FHB, Disease Management Online

NDSU -- www.ext.nodak.edu/extpubs/plntdise.htm and www.ag.ndsu .nodak.edu/extplantpath/

SDSU -- http://plantsci.sdstate.edu/planthealth/

UM (NWROC- Crookston) -- www.nwroc.umn.edu – Click on “Research Areas” then “Plant pathology.” Here, there is fungicide label information, disease forecasting, and an FHB management bulletin released last year (Direct link: http://www.nwroc.umn.edu/Fusarium.pdf )

Wheat Disease Forecasting
Forecasting models are available again this growing season to enable wheat and barley growers to track development of leaf diseases and Fusarium head blight (FHB, scab) and time fungicide treatment for suppression if needed.
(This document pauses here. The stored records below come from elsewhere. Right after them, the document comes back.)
section \<open>Symmetry of second partial derivatives\<close>

lemma second_difference_mvt:
  fixes f :: "real^3 \<Rightarrow> real"
  assumes f: "smooth3 f" and t: "t > 0"
  obtains \<sigma> \<tau> where "0 < \<sigma>" "\<sigma> < t" "0 < \<tau>" "\<tau> < t"
    "f (x + t *\<^sub>R axis i 1 + t *\<^sub>R axis j 1) - f (x + t *\<^sub>R axis i 1) - f (x + t *\<^sub>R axis j 1) + f x
     = t\<^sup>2 * pd j (pd i f) (x + \<sigma> *\<^sub>R axis i 1 + \<tau> *\<^sub>R axis j 1)"
proof -
  have d: "\<And>z. f differentiable at z" using smooth3_imp_differentiable f by blast
  have "\<exists>\<sigma>>0. \<sigma> < t \<and> (\<lambda>s. f (x + t *\<^sub>R axis j 1 + s *\<^sub>R axis i 1) - f (x + s *\<^sub>R axis i 1)) t
      - (\<lambda>s. f (x + t *\<^sub>R axis j 1 + s *\<^sub>R axis i 1) - f (x + s *\<^sub>R axis i 1)) 0
     = (t - 0) * (pd i f (x + t *\<^sub>R axis j 1 + \<sigma> *\<^sub>R axis i 1) - pd i f (x + \<sigma> *\<^sub>R axis i 1))"
    by (rule MVT2[OF t]) (intro DERIV_diff has_real_derivative_along_axis d)
  then obtain \<sigma> where \<sigma>: "0 < \<sigma>" "\<sigma> < t" and outer:
    "f (x + t *\<^sub>R axis j 1 + t *\<^sub>R axis i 1) - f (x + t *\<^sub>R axis i 1) - (f (x + t *\<^sub>R axis j 1) - f x)
     = t * (pd i f (x + t *\<^sub>R axis j 1 + \<sigma> *\<^sub>R axis i 1) - pd i f (x + \<sigma> *\<^sub>R axis i 1))"
    by auto
  have "\<exists>\<tau>>0. \<tau> < t \<and> (\<lambda>s. pd i f (x + \<sigma> *\<^sub>R axis i 1 + s *\<^sub>R axis j 1)) t
      - (\<lambda>s. pd i f (x + \<sigma> *\<^sub>R axis i 1 + s *\<^sub>R axis j 1)) 0
     = (t - 0) * pd j (pd i f) (x + \<sigma> *\<^sub>R axis i 1 + \<tau> *\<^sub>R axis j 1)"
    using f by (intro MVT2[OF t] has_real_derivative_along_axis differentiable_pd)
  then obtain \<tau> where \<tau>: "0 < \<tau>" "\<tau> < t" and inner:
    "pd i f (x + \<sigma> *\<^sub>R axis i 1 + t *\<^sub>R axis j 1) - pd i f (x + \<sigma> *\<^sub>R axis i 1)
     = t * pd j (pd i f) (x + \<sigma> *\<^sub>R axis i 1 + \<tau> *\<^sub>R axis j 1)"
    by auto
  show thesis
    using that[OF \<sigma> \<tau>] outer inner by (simp add: add_ac power2_eq_square algebra_simps)
qed

lemma continuous_at_small_box:
  fixes g :: "real^3 \<Rightarrow> real"
  assumes "continuous (at x) g" "e > 0"
  obtains t where "t > 0" "\<And>\<sigma> \<tau>. 0 < \<sigma> \<Longrightarrow> \<sigma> < t \<Longrightarrow> 0 < \<tau> \<Longrightarrow> \<tau> < t \<Longrightarrow>
     \<bar>g (x + \<sigma> *\<^sub>R axis i 1 + \<tau> *\<^sub>R axis j 1) - g x\<bar> < e"
proof -
  obtain d where "d > 0" and d: "\<And>y. dist y x < d \<Longrightarrow> dist (g y) (g x) < e"
    using assms unfolding continuous_at_eps_delta by blast
  have "\<bar>g (x + \<sigma> *\<^sub>R axis i 1 + \<tau> *\<^sub>R axis j 1) - g x\<bar> < e"
    if "0 < \<sigma>" "\<sigma> < d / 2" "0 < \<tau>" "\<tau> < d / 2" for \<sigma> \<tau>
  proof -
    have "dist (x + \<sigma> *\<^sub>R axis i 1 + \<tau> *\<^sub>R axis j 1) x \<le> \<sigma> + \<tau>"
      using norm_triangle_ineq[of "\<sigma> *\<^sub>R axis i (1::real)" "\<tau> *\<^sub>R axis j 1"] that
      by (simp add: dist_norm)
    then show ?thesis using d that by (simp add: dist_real_def)
  qed
  with \<open>d > 0\<close> show thesis by (intro that[of "d / 2"]) auto
qed

lemma mixed_partials_agree_nearby:
  fixes f :: "real^3 \<Rightarrow> real"
  assumes f: "smooth3 f" and "t > 0"
  obtains \<sigma> \<tau> \<sigma>' \<tau>' where "0 < \<sigma>" "\<sigma> < t" "0 < \<tau>" "\<tau> < t" "0 < \<sigma>'" "\<sigma>' < t" "0 < \<tau>'" "\<tau>' < t"
    "pd j (pd i f) (x + \<sigma> *\<^sub>R axis i 1 + \<tau> *\<^sub>R axis j 1)
     = pd i (pd j f) (x + \<sigma>' *\<^sub>R axis j 1 + \<tau>' *\<^sub>R axis i 1)"
proof -
  obtain \<sigma> \<tau> where \<sigma>\<tau>: "0 < \<sigma>" "\<sigma> < t" "0 < \<tau>" "\<tau> < t" and ij:
    "f (x + t *\<^sub>R axis i 1 + t *\<^sub>R axis j 1) - f (x + t *\<^sub>R axis i 1) - f (x + t *\<^sub>R axis j 1) + f x
     = t\<^sup>2 * pd j (pd i f) (x + \<sigma> *\<^sub>R axis i 1 + \<tau> *\<^sub>R axis j 1)"
    using second_difference_mvt[OF assms] by blast
  obtain \<sigma>' \<tau>' where \<sigma>'\<tau>': "0 < \<sigma>'" "\<sigma>' < t" "0 < \<tau>'" "\<tau>' < t" and ji:
    "f (x + t *\<^sub>R axis j 1 + t *\<^sub>R axis i 1) - f (x + t *\<^sub>R axis j 1) - f (x + t *\<^sub>R axis i 1) + f x
     = t\<^sup>2 * pd i (pd j f) (x + \<sigma>' *\<^sub>R axis j 1 + \<tau>' *\<^sub>R axis i 1)"
    using second_difference_mvt[OF assms] by blast
  have "f (x + t *\<^sub>R axis i 1 + t *\<^sub>R axis j 1) = f (x + t *\<^sub>R axis j 1 + t *\<^sub>R axis i 1)"
    by (simp add: add_ac)
  with ij ji have "t\<^sup>2 * pd j (pd i f) (x + \<sigma> *\<^sub>R axis i 1 + \<tau> *\<^sub>R axis j 1)
      = t\<^sup>2 * pd i (pd j f) (x + \<sigma>' *\<^sub>R axis j 1 + \<tau>' *\<^sub>R axis i 1)"
    by linarith
  with \<open>t > 0\<close> show thesis by (intro that[OF \<sigma>\<tau> \<sigma>'\<tau>']) simp
qed

lemma pd_commute:
  assumes f: "smooth3 f"
  shows "pd j (pd i f) x = pd i (pd j f) x"
proof (rule ccontr)
  assume "pd j (pd i f) x \<noteq> pd i (pd j f) x"
  define e where "e = \<bar>pd j (pd i f) x - pd i (pd j f) x\<bar> / 2"
  then have "e > 0" using \<open>pd j (pd i f) x \<noteq> _\<close> by simp
  have cont: "continuous (at x) (pd k (pd l f))" for k l
    using f differentiable_imp_continuous_within differentiable_pd smooth3_pd by blast
  obtain t1 where "t1 > 0" and t1: "\<And>\<sigma> \<tau>. 0 < \<sigma> \<Longrightarrow> \<sigma> < t1 \<Longrightarrow> 0 < \<tau> \<Longrightarrow> \<tau> < t1 \<Longrightarrow>
      \<bar>pd j (pd i f) (x + \<sigma> *\<^sub>R axis i 1 + \<tau> *\<^sub>R axis j 1) - pd j (pd i f) x\<bar> < e"
    using continuous_at_small_box[OF cont \<open>e > 0\<close>] by blast
  obtain t2 where "t2 > 0" and t2: "\<And>\<sigma> \<tau>. 0 < \<sigma> \<Longrightarrow> \<sigma> < t2 \<Longrightarrow> 0 < \<tau> \<Longrightarrow> \<tau> < t2 \<Longrightarrow>
      \<bar>pd i (pd j f) (x + \<sigma> *\<^sub>R axis j 1 + \<tau> *\<^sub>R axis i 1) - pd i (pd j f) x\<bar> < e"
    using continuous_at_small_box[OF cont \<open>e > 0\<close>] by blast
  have "min t1 t2 > 0" using \<open>t1 > 0\<close> \<open>t2 > 0\<close> by simp
  then obtain \<sigma> \<tau> \<sigma>' \<tau>' where "0 < \<sigma>" "\<sigma> < t1" "0 < \<tau>" "\<tau> < t1" "0 < \<sigma>'" "\<sigma>' < t2" "0 < \<tau>'" "\<tau>' < t2"
    "pd j (pd i f) (x + \<sigma> *\<^sub>R axis i 1 + \<tau> *\<^sub>R axis j 1)
     = pd i (pd j f) (x + \<sigma>' *\<^sub>R axis j 1 + \<tau>' *\<^sub>R axis i 1)"
    using mixed_partials_agree_nearby[OF f] by (metis min_less_iff_conj)
  with t1[of \<sigma> \<tau>] t2[of \<sigma>' \<tau>'] show False
    by (simp add: e_def abs_real_def split: if_splits)
qed

section \<open>The Poisson structure Pb\<close>

text \<open>Here and for Hb and Cb, quotients of the parameters are passed in as atoms: otherwise the
simplifier normalises them before it has computed the partial derivatives.\<close>

lemma pbracket_Pb:
  assumes "a = b1 * b2 / b3"
  shows "pbracket (Pb b1 b2 b3) f g = (\<lambda>x. a * x$3 * (pd 1 f x * pd 2 g x - pd 2 f x * pd 1 g x)
      + b1 * x$2 * (pd 1 f x * pd 3 g x - pd 3 f x * pd 1 g x))"
  using assms
  by (simp add: fun_eq_iff pbracket_def Pb_def grad3_def inner_vec_def matrix_vector_mult_def
      sum_3 algebra_simps)

lemma smooth3_pbracket_Pb: "smooth3 f \<Longrightarrow> smooth3 g \<Longrightarrow> smooth3 (pbracket (Pb b1 b2 b3) f g)"
  unfolding pbracket_Pb[OF refl] by (intro smooth3_add smooth3_diff smooth3_mult smooth3_const smooth3_component smooth3_pd)

lemma jacobi_Pb:
  assumes f: "smooth3 f" and g: "smooth3 g" and h: "smooth3 h"
  shows "pbracket (Pb b1 b2 b3) f (pbracket (Pb b1 b2 b3) g h) x
       + pbracket (Pb b1 b2 b3) g (pbracket (Pb b1 b2 b3) h f) x
       + pbracket (Pb b1 b2 b3) h (pbracket (Pb b1 b2 b3) f g) x = 0"
proof -
  obtain a where a: "a = b1 * b2 / b3" by blast
  show ?thesis
    using assms pd_commute[OF f, of 2 1] pd_commute[OF f, of 3 1] pd_commute[OF f, of 3 2]
      pd_commute[OF g, of 2 1] pd_commute[OF g, of 3 1] pd_commute[OF g, of 3 2]
      pd_commute[OF h, of 2 1] pd_commute[OF h, of 3 1] pd_commute[OF h, of 3 2]
    by (simp add: pbracket_Pb[OF a]) (simp add: algebra_simps)
qed

lemma poisson_structure_Pb: "poisson_structure (Pb b1 b2 b3)"
  unfolding poisson_structure_def
proof (intro conjI allI impI)
  obtain a where a: "a = b1 * b2 / b3" by blast
  fix f g h :: "real^3 \<Rightarrow> real" and c d :: real
  show "smooth3 (pbracket (Pb b1 b2 b3) f g)" if "smooth3 f \<and> smooth3 g"
    using that smooth3_pbracket_Pb by blast
  show "pbracket (Pb b1 b2 b3) (\<lambda>x. c * f x + d * g x) h
      = (\<lambda>x. c * pbracket (Pb b1 b2 b3) f h x + d * pbracket (Pb b1 b2 b3) g h x)"
    if "smooth3 f \<and> smooth3 g \<and> smooth3 h"
    using that by (simp add: pbracket_Pb[OF a] fun_eq_iff smooth3_imp_differentiable algebra_simps)
  show "pbracket (Pb b1 b2 b3) f g = (\<lambda>x. - pbracket (Pb b1 b2 b3) g f x)"
    by (simp add: pbracket_Pb[OF a] algebra_simps)
  show "pbracket (Pb b1 b2 b3) f (pbracket (Pb b1 b2 b3) g h) x
      + pbracket (Pb b1 b2 b3) g (pbracket (Pb b1 b2 b3) h f) x
      + pbracket (Pb b1 b2 b3) h (pbracket (Pb b1 b2 b3) f g) x = 0"
    if "smooth3 f \<and> smooth3 g \<and> smooth3 h" for x
    using that jacobi_Pb by blast
  show "pbracket (Pb b1 b2 b3) f (\<lambda>x. g x * h x)
      = (\<lambda>x. pbracket (Pb b1 b2 b3) f g x * h x + g x * pbracket (Pb b1 b2 b3) f h x)"
    if "smooth3 f \<and> smooth3 g \<and> smooth3 h"
    using that by (simp add: pbracket_Pb[OF a] fun_eq_iff smooth3_imp_differentiable algebra_simps)
qed

lemma Hb_eq:
  assumes "c = - (b3 / (2 * b1))"
  shows "Hb b1 b2 b3 = (\<lambda>x. c * (x$1 * x$1) + x$3)"
  using assms by (simp add: fun_eq_iff Hb_def power2_eq_square)

lemma smooth3_Hb: "smooth3 (Hb b1 b2 b3)"
  unfolding Hb_eq[OF refl] by (intro smooth3_add smooth3_mult smooth3_const smooth3_component)

lemma Fb_eq_Pb_grad3_Hb:
  assumes "b1 \<noteq> 0" "b3 \<noteq> 0"
  shows "Fb b1 b2 b3 x = Pb b1 b2 b3 x *v grad3 (Hb b1 b2 b3) x"
proof -
  obtain c where c: "c = - (b3 / (2 * b1))" by blast
  have "grad3 (Hb b1 b2 b3) x = vector [2 * c * x$1, 0, 1]"
    unfolding Hb_eq[OF c] grad3_def by (simp add: vec_eq_iff forall_3)
  then show ?thesis
    using assms by (simp add: c vec_eq_iff forall_3 matrix_vector_mult_def sum_3 Pb_def Fb_def)
qed

lemma Cb_eq:
  assumes "c = b1 / 2" "d = b2 / b3"
  shows "Cb b1 b2 b3 = (\<lambda>x. c * (x$2 * x$2 - d * (x$3 * x$3)))"
  using assms by (simp add: fun_eq_iff Cb_def power2_eq_square)

lemma smooth3_Cb: "smooth3 (Cb b1 b2 b3)"
  unfolding Cb_eq[OF refl refl] by (intro smooth3_diff smooth3_mult smooth3_const smooth3_component)

lemma pbracket_Pb_Cb: "pbracket (Pb b1 b2 b3) (Cb b1 b2 b3) f x = 0"
proof -
  obtain a c d where a: "a = b1 * b2 / b3" and c: "c = b1 / 2" and d: "d = b2 / b3" by blast
  show ?thesis
    by (simp add: pbracket_Pb[OF a] Cb_eq[OF c d]) (simp add: a c d)
qed

theorem proposition3p3:
  fixes b1 b2 b3 :: real
  assumes "b1 * b2 * b3 \<noteq> 0"
  shows "hamilton_poisson_realization (Pb b1 b2 b3) (Hb b1 b2 b3) (Fb b1 b2 b3)
         \<and> casimir (Pb b1 b2 b3) (Cb b1 b2 b3)"
  using assms poisson_structure_Pb smooth3_Hb Fb_eq_Pb_grad3_Hb smooth3_Cb pbracket_Pb_Cb
  unfolding hamilton_poisson_realization_def casimir_def by simp

end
The NDSU Small Grain Disease Forecasting System can be found online at www.ag.ndsu.nodak.edu/cropdisease/cropdisease.htm . (Recorded updates and information by phone: 1-888-248-7382, 231-6601 in Fargo area)
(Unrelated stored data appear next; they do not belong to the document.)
lemma is_filtration_algebra_Union:
  assumes filt: "is_filtration \<Omega> F"
  shows "algebra \<Omega> (\<Union>t. F t)"
  unfolding algebra_iff_Un
proof (intro conjI ballI)
  show "(\<Union>t. F t) \<subseteq> Pow \<Omega>" using is_filtration_subset_Pow[OF filt] by blast
  interpret F0: sigma_algebra \<Omega> "F 0" using filt by (rule is_filtration_sigma_algebra)
  show "{} \<in> (\<Union>t. F t)" using F0.empty_sets by blast
next
  fix a assume "a \<in> (\<Union>t. F t)"
  then obtain t where a: "a \<in> F t" by blast
  interpret Ft: sigma_algebra \<Omega> "F t" using filt by (rule is_filtration_sigma_algebra)
  show "\<Omega> - a \<in> (\<Union>t. F t)" using Ft.compl_sets[OF a] by blast
next
  fix a b assume "a \<in> (\<Union>t. F t)" "b \<in> (\<Union>t. F t)"
  then obtain s t where "a \<in> F s" "b \<in> F t" by blast
  then have ab: "a \<in> F (max s t)" "b \<in> F (max s t)"
    using is_filtration_mono[OF filt, of s "max s t"] is_filtration_mono[OF filt, of t "max s t"]
    by auto
  interpret Fst: sigma_algebra \<Omega> "F (max s t)" using filt by (rule is_filtration_sigma_algebra)
  show "a \<union> b \<in> (\<Union>t. F t)" using Fst.Un[OF ab] by blast
qed

lemma INF_enat_le_enat_iff:
  fixes g :: "'b \<Rightarrow> enat"
  shows "(INF i\<in>I. g i) \<le> enat t \<longleftrightarrow> (\<exists>i\<in>I. g i \<le> enat t)"
proof -
  have "\<And>x::enat. x \<le> enat t \<longleftrightarrow> x < enat (Suc t)"
    by (case_tac x) auto
  then show ?thesis by (simp add: INF_less_iff)
qed

lemma stopping_time_finite_in_F_infty:
  assumes "\<tau> \<in> stopping_times \<Omega> F"
  shows "{\<omega>\<in>\<Omega>. \<tau> \<omega> < \<infinity>} \<in> F_infty \<Omega> F"
proof -
  have eq: "{\<omega>\<in>\<Omega>. \<tau> \<omega> < \<infinity>} = (\<Union>t. {\<omega>\<in>\<Omega>. \<tau> \<omega> \<le> enat t})"
    by (auto, case_tac "\<tau> x", auto)
  have "\<And>t. {\<omega>\<in>\<Omega>. \<tau> \<omega> \<le> enat t} \<in> sigma_sets \<Omega> (\<Union>t. F t)"
    using assms unfolding stopping_times_def by (auto intro: sigma_sets.Basic)
  then show ?thesis unfolding eq F_infty_def by (intro sigma_sets.Union) auto
qed

lemma stopping_times_INF:
  fixes \<tau> :: "nat \<Rightarrow> 'a \<Rightarrow> enat"
  assumes filt: "is_filtration \<Omega> F" and st: "\<And>n. \<tau> n \<in> stopping_times \<Omega> F"
  shows "(\<lambda>\<omega>. INF n. \<tau> n \<omega>) \<in> stopping_times \<Omega> F"
  unfolding stopping_times_def
proof (intro CollectI allI)
  fix t
  interpret sigma_algebra \<Omega> "F t" using filt by (rule is_filtration_sigma_algebra)
  have "{\<omega>\<in>\<Omega>. (INF n. \<tau> n \<omega>) \<le> enat t} = (\<Union>n. {\<omega>\<in>\<Omega>. \<tau> n \<omega> \<le> enat t})"
    by (auto simp: INF_enat_le_enat_iff)
  also have "\<dots> \<in> F t"
    using st by (intro countable_nat_UN) (auto simp: stopping_times_def)
  finally show "{\<omega>\<in>\<Omega>. (INF n. \<tau> n \<omega>) \<le> enat t} \<in> F t" .
qed

lemma first_entry_stopping_time:
  fixes C :: "nat \<Rightarrow> 'a set" and s :: "nat \<Rightarrow> nat"
  assumes filt: "is_filtration \<Omega> F" and C: "\<And>i. C i \<in> F (s i)"
  defines "\<tau> \<equiv> \<lambda>\<omega>. INF i\<in>{i. \<omega> \<in> C i}. enat (s i)"
  shows "\<tau> \<in> stopping_times \<Omega> F" and "{\<omega>\<in>\<Omega>. \<tau> \<omega> < \<infinity>} = (\<Union>i. C i)"
proof -
  have C_subset: "\<And>i. C i \<subseteq> \<Omega>" using is_filtration_subset_Pow[OF filt] C by blast
  show "\<tau> \<in> stopping_times \<Omega> F"
    unfolding stopping_times_def
  proof (intro CollectI allI)
    fix t
    interpret sigma_algebra \<Omega> "F t" using filt by (rule is_filtration_sigma_algebra)
    have "{\<omega>\<in>\<Omega>. \<tau> \<omega> \<le> enat t} = (\<Union>i. if s i \<le> t then C i else {})"
      using C_subset by (auto simp: \<tau>_def INF_enat_le_enat_iff split: if_splits)
    also have "\<dots> \<in> F t"
      using C is_filtration_mono[OF filt] by (intro countable_nat_UN) (auto split: if_splits)
    finally show "{\<omega>\<in>\<Omega>. \<tau> \<omega> \<le> enat t} \<in> F t" .
  qed
  have "\<And>\<omega>. \<tau> \<omega> < \<infinity> \<longleftrightarrow> (\<exists>i. \<omega> \<in> C i)"
    unfolding \<tau>_def by (simp only: INF_less_iff) simp
  then show "{\<omega>\<in>\<Omega>. \<tau> \<omega> < \<infinity>} = (\<Union>i. C i)"
    using C_subset by blast
qed

lemma INF_le_suminf_INF_ennreal:
  fixes c :: "'b \<Rightarrow> ennreal" and T :: "nat \<Rightarrow> 'b set" and U :: "'b set"
  assumes combine: "\<And>\<tau>. (\<And>n. \<tau> n \<in> T n) \<Longrightarrow> \<exists>\<sigma>\<in>U. c \<sigma> \<le> (\<Sum>n. c (\<tau> n))"
  shows "(INF \<sigma>\<in>U. c \<sigma>) \<le> (\<Sum>n. INF \<tau>\<in>T n. c \<tau>)"
proof -
  define I where "I n = (INF \<tau>\<in>T n. c \<tau>)" for n
  have "(INF \<sigma>\<in>U. c \<sigma>) \<le> (\<Sum>n. I n)"
  proof (rule ennreal_le_epsilon)
    fix e :: real assume fin: "(\<Sum>n. I n) < top" and e: "0 < e"
    have "I n < I n + e * (1/2)^Suc n" for n
      using fin e by (auto simp add: less_top dest!: ennreal_suminf_lessD)
    then have "\<exists>\<tau>\<in>T n. c \<tau> < I n + e * (1/2)^Suc n" for n
      by (simp add: I_def INF_less_iff)
    then obtain \<tau> where \<tau>: "\<And>n. \<tau> n \<in> T n"
      and \<tau>_close: "\<And>n. c (\<tau> n) < I n + e * (1/2)^Suc n"
      by metis
    obtain \<sigma> where "\<sigma> \<in> U" and "c \<sigma> \<le> (\<Sum>n. c (\<tau> n))" using combine[OF \<tau>] by blast
    then have "(INF \<sigma>\<in>U. c \<sigma>) \<le> (\<Sum>n. c (\<tau> n))" by (meson INF_lower2)
    also have "\<dots> \<le> (\<Sum>n. I n + e * (1/2)^Suc n)"
      using \<tau>_close by (intro suminf_le) (auto intro: less_imp_le)
    also have "\<dots> = (\<Sum>n. I n) + (\<Sum>n. ennreal e * ennreal ((1/2) ^ Suc n))"
      using e by (subst suminf_add[symmetric])
        (auto simp del: ennreal_suminf_cmult simp add: ennreal_mult[symmetric])
    also have "\<dots> = (\<Sum>n. I n) + e"
      unfolding ennreal_suminf_cmult
      by (subst suminf_ennreal_eq[OF zero_le_power power_half_series]) auto
    finally show "(INF \<sigma>\<in>U. c \<sigma>) \<le> (\<Sum>n. I n) + e" .
  qed
  then show ?thesis by (simp add: I_def)
qed

lemma (in algebra) measure_space_outer_measure:
  assumes posf: "positive M f" and ca: "countably_additive M f"
  shows "measure_space \<Omega> (sigma_sets \<Omega> M) (outer_measure M f)"
proof -
  have inc: "increasing M f"
    by (metis additive_increasing ca countably_additive_additive posf)
  let ?O = "outer_measure M f"
  define ls where "ls = lambda_system \<Omega> (Pow \<Omega>) ?O"
  have ls: "measure_space \<Omega> ls ?O"
    using sigma_algebra.caratheodory_lemma
            [OF sigma_algebra_Pow outer_measure_space_outer_measure[OF posf inc]]
    by (simp add: ls_def)
  have "sigma_sets \<Omega> M \<subseteq> ls"
  proof (rule sigma_algebra.sigma_sets_subset)
    show "sigma_algebra \<Omega> ls" using ls by (simp add: measure_space_def)
    show "M \<subseteq> ls"
      unfolding ls_def
      by (metis ca posf inc countably_additive_additive algebra_subset_lambda_system)
  qed
  then show ?thesis
    by (rule measure_down[OF ls sigma_algebra_sigma_sets[OF space_closed]])
qed

text \<open>The extension of a finite measure from a generating algebra is unique, and Carath\'eodory's
  outer measure is one such extension.\<close>

lemma (in algebra) emeasure_eq_outer_measure:
  assumes sets_P: "sets P = sigma_sets \<Omega> M" and fin: "emeasure P \<Omega> \<noteq> \<infinity>"
    and A: "A \<in> sigma_sets \<Omega> M"
  shows "emeasure P A = outer_measure M (emeasure P) A"
proof -
  let ?O = "outer_measure M (emeasure P)"
  have posf: "positive M (emeasure P)" by (simp add: positive_def)
  have ca: "countably_additive M (emeasure P)"
    using emeasure_countably_additive[of P] sets_P
    unfolding countably_additive_def by blast
  have ms: "measure_space \<Omega> (sigma_sets \<Omega> M) ?O"
    by (rule measure_space_outer_measure[OF posf ca])
  define N where "N = measure_of \<Omega> (sigma_sets \<Omega> M) ?O"
  have sets_N: "sets N = sigma_sets \<Omega> M"
    unfolding N_def using ms by (intro sigma_algebra.sets_measure_of_eq) (simp add: measure_space_def)
  have emeasure_N: "\<And>X. X \<in> sigma_sets \<Omega> M \<Longrightarrow> emeasure N X = ?O X"
    unfolding N_def using ms by (intro emeasure_measure_of_sigma) (auto simp: measure_space_def)
  have "P = N"
  proof (rule measure_eqI_generator_eq[where E=M and \<Omega>=\<Omega> and A="\<lambda>_. \<Omega>"])
    show "Int_stable M" using Int by (auto simp: Int_stable_def)
    show "range (\<lambda>_. \<Omega>) \<subseteq> M" using top by auto
    fix X assume "X \<in> M"
    then show "emeasure P X = emeasure N X"
      using emeasure_N outer_measure_agrees[OF posf ca] by auto
  qed (use space_closed sets_P sets_N fin in auto)
  then show ?thesis using emeasure_N[OF A] by simp
qed

lemma inv_capital_le:
  assumes "\<tau> \<in> stopping_times \<Omega> F" and "A \<subseteq> {\<omega>\<in>\<Omega>. \<tau> \<omega> < \<infinity>}"
  shows "inv_capital \<Omega> F \<P> A \<le> (SUP P\<in>\<P>. emeasure P {\<omega>\<in>\<Omega>. \<tau> \<omega> < \<infinity>})"
  unfolding inv_capital_def by (rule INF_lower) (use assms in blast)

lemma inv_capital_mono:
  assumes "A \<subseteq> B"
  shows "inv_capital \<Omega> F \<P> A \<le> inv_capital \<Omega> F \<P> B"
  unfolding inv_capital_def using assms by (auto intro!: INF_superset_mono)

lemma inv_capital_empty:
  assumes filt: "is_filtration \<Omega> F"
  shows "inv_capital \<Omega> F \<P> {} = 0"
proof -
  have "{} \<in> F t" for t
  proof -
    interpret sigma_algebra \<Omega> "F t" using filt by (rule is_filtration_sigma_algebra)
    show ?thesis by (rule empty_sets)
  qed
  then have "(\<lambda>_. \<infinity>) \<in> stopping_times \<Omega> F"
    unfolding stopping_times_def by auto
  then have "inv_capital \<Omega> F \<P> {} \<le> (SUP P\<in>\<P>. emeasure P {\<omega>\<in>\<Omega>. (\<infinity>::enat) < \<infinity>})"
    by (rule inv_capital_le) simp
  also have "\<dots> \<le> 0"
    by (rule SUP_least) simp
  finally show ?thesis by simp
qed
A similar forecasting system for Minnesota can be found online at http://mawg.cropdisease.com and South Dakota at http://plantsci.sdstate.edu/smallgrains path – Click on “SD Scab Advisory.”

The FHB forecasting systems are based on locally available weather information such as relative humidity, temperature, and hours of rainfall. The forecasting information attempts to alert producers to the potential for an environment that promotes Fusarium spore production and spread beginning seven days prior to wheat flowering. Growers are encouraged to use the models as another management tool, but cautioned against considering predictions as absolute, as weather conditions and disease levels can change daily.

Sclerotinia Risk Map for Canola Online
Sclerotinia risk forecasting maps for North Dakota and northwest Minnesota can be found online: www.ag.ndsu.nodak .edu/aginfo/sclerotinia/sclerotinia.htm. The forecasting system is based on soil moisture as it is required for the apothecia (small mushroom structures) to grow from the sclerotia in the soil. The apothecia produce the spores that infect canola petals. It is important to know the growth stage of canola fields when checking the risk map. Canola is only susceptible to Sclerotinia infection when it is flowering.